Your task: Show all the lines in the data below that include the word "False".

Available records:
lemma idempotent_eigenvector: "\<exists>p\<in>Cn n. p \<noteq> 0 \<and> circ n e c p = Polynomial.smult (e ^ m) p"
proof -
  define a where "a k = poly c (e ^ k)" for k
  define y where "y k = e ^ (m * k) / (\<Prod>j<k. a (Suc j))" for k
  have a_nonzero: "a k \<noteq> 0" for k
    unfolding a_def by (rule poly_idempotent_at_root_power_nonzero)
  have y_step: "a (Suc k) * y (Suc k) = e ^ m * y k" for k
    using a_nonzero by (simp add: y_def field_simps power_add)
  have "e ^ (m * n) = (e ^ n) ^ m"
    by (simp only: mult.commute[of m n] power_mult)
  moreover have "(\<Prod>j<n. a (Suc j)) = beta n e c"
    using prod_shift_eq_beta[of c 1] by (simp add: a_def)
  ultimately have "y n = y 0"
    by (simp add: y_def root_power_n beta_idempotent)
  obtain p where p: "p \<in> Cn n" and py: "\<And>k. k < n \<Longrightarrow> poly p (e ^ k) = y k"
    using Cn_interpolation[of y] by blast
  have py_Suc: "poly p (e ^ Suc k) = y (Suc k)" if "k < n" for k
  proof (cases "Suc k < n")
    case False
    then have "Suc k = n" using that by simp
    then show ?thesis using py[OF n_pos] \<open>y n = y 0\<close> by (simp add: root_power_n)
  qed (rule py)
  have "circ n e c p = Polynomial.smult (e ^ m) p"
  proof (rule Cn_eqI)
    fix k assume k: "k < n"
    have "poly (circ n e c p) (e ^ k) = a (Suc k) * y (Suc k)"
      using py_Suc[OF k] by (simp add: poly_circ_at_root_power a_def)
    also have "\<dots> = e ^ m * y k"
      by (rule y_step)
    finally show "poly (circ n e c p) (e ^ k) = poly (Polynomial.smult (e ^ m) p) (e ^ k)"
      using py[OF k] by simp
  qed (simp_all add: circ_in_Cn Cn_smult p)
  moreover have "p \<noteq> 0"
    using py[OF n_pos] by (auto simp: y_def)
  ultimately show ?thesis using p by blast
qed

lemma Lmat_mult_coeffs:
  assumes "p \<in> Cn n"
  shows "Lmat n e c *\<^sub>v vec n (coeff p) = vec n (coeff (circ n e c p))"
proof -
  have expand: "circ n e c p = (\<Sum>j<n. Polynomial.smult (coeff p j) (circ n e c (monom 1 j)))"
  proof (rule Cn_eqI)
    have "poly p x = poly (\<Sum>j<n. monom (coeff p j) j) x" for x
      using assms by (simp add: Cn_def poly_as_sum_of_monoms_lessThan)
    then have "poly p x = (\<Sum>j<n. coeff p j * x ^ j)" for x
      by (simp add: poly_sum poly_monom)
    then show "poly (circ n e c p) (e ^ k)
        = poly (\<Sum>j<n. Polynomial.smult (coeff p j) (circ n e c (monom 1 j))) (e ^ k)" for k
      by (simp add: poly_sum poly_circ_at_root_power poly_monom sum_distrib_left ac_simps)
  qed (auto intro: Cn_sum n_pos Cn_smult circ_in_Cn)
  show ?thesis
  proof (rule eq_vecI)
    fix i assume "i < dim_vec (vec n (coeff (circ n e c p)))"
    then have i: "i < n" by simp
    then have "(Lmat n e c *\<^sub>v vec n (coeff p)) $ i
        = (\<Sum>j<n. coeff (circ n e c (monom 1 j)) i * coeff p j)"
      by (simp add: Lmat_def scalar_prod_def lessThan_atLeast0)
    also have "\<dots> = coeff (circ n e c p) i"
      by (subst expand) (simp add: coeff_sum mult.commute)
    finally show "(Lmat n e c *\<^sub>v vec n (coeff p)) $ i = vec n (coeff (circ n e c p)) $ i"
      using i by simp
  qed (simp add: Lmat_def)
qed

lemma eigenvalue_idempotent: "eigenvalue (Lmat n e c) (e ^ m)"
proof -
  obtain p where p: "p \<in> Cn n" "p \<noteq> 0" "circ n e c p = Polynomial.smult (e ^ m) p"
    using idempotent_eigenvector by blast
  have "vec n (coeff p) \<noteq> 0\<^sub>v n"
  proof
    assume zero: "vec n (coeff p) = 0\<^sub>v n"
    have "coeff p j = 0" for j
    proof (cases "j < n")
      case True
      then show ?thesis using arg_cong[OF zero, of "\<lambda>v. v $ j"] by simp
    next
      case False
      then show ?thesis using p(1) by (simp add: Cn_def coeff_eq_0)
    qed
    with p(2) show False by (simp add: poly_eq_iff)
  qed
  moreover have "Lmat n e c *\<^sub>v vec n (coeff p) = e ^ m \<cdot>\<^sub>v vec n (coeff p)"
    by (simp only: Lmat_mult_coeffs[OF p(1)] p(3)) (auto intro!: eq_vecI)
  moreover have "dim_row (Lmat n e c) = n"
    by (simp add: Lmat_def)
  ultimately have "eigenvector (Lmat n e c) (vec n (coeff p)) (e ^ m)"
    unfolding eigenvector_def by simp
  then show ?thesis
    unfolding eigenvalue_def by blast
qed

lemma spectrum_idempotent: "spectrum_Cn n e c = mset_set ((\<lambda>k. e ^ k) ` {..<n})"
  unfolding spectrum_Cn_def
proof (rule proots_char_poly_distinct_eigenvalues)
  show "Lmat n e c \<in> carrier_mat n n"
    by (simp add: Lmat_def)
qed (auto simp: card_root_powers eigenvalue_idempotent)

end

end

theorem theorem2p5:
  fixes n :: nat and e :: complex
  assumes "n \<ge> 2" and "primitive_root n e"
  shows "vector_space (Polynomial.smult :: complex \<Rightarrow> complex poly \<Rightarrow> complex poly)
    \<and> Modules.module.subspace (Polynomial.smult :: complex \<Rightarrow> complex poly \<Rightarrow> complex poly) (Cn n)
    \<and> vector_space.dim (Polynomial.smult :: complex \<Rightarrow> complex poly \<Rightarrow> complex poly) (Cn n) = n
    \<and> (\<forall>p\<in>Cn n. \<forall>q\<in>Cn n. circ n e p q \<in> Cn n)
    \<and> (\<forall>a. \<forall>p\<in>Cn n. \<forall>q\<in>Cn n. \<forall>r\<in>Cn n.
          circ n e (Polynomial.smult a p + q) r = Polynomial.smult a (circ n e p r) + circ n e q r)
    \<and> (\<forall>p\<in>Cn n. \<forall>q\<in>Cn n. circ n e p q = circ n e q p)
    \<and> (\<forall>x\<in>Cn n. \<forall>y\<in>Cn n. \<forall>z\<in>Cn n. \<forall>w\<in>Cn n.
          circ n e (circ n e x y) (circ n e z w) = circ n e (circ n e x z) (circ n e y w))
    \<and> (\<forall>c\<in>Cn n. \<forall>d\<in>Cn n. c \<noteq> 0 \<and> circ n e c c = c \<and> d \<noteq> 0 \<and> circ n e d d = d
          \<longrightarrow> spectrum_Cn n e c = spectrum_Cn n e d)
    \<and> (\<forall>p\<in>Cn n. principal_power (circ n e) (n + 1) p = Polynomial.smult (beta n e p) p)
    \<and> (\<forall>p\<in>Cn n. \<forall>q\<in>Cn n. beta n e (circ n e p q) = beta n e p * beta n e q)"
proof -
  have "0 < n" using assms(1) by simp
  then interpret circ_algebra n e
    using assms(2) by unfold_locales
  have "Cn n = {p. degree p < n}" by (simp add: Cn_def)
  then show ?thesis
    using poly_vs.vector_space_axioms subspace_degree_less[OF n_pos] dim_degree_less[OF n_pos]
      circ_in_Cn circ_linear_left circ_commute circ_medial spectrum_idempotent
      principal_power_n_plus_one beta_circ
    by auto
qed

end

Finished task:
    case False
      case False
    with p(2) show False by (simp add: poly_eq_iff)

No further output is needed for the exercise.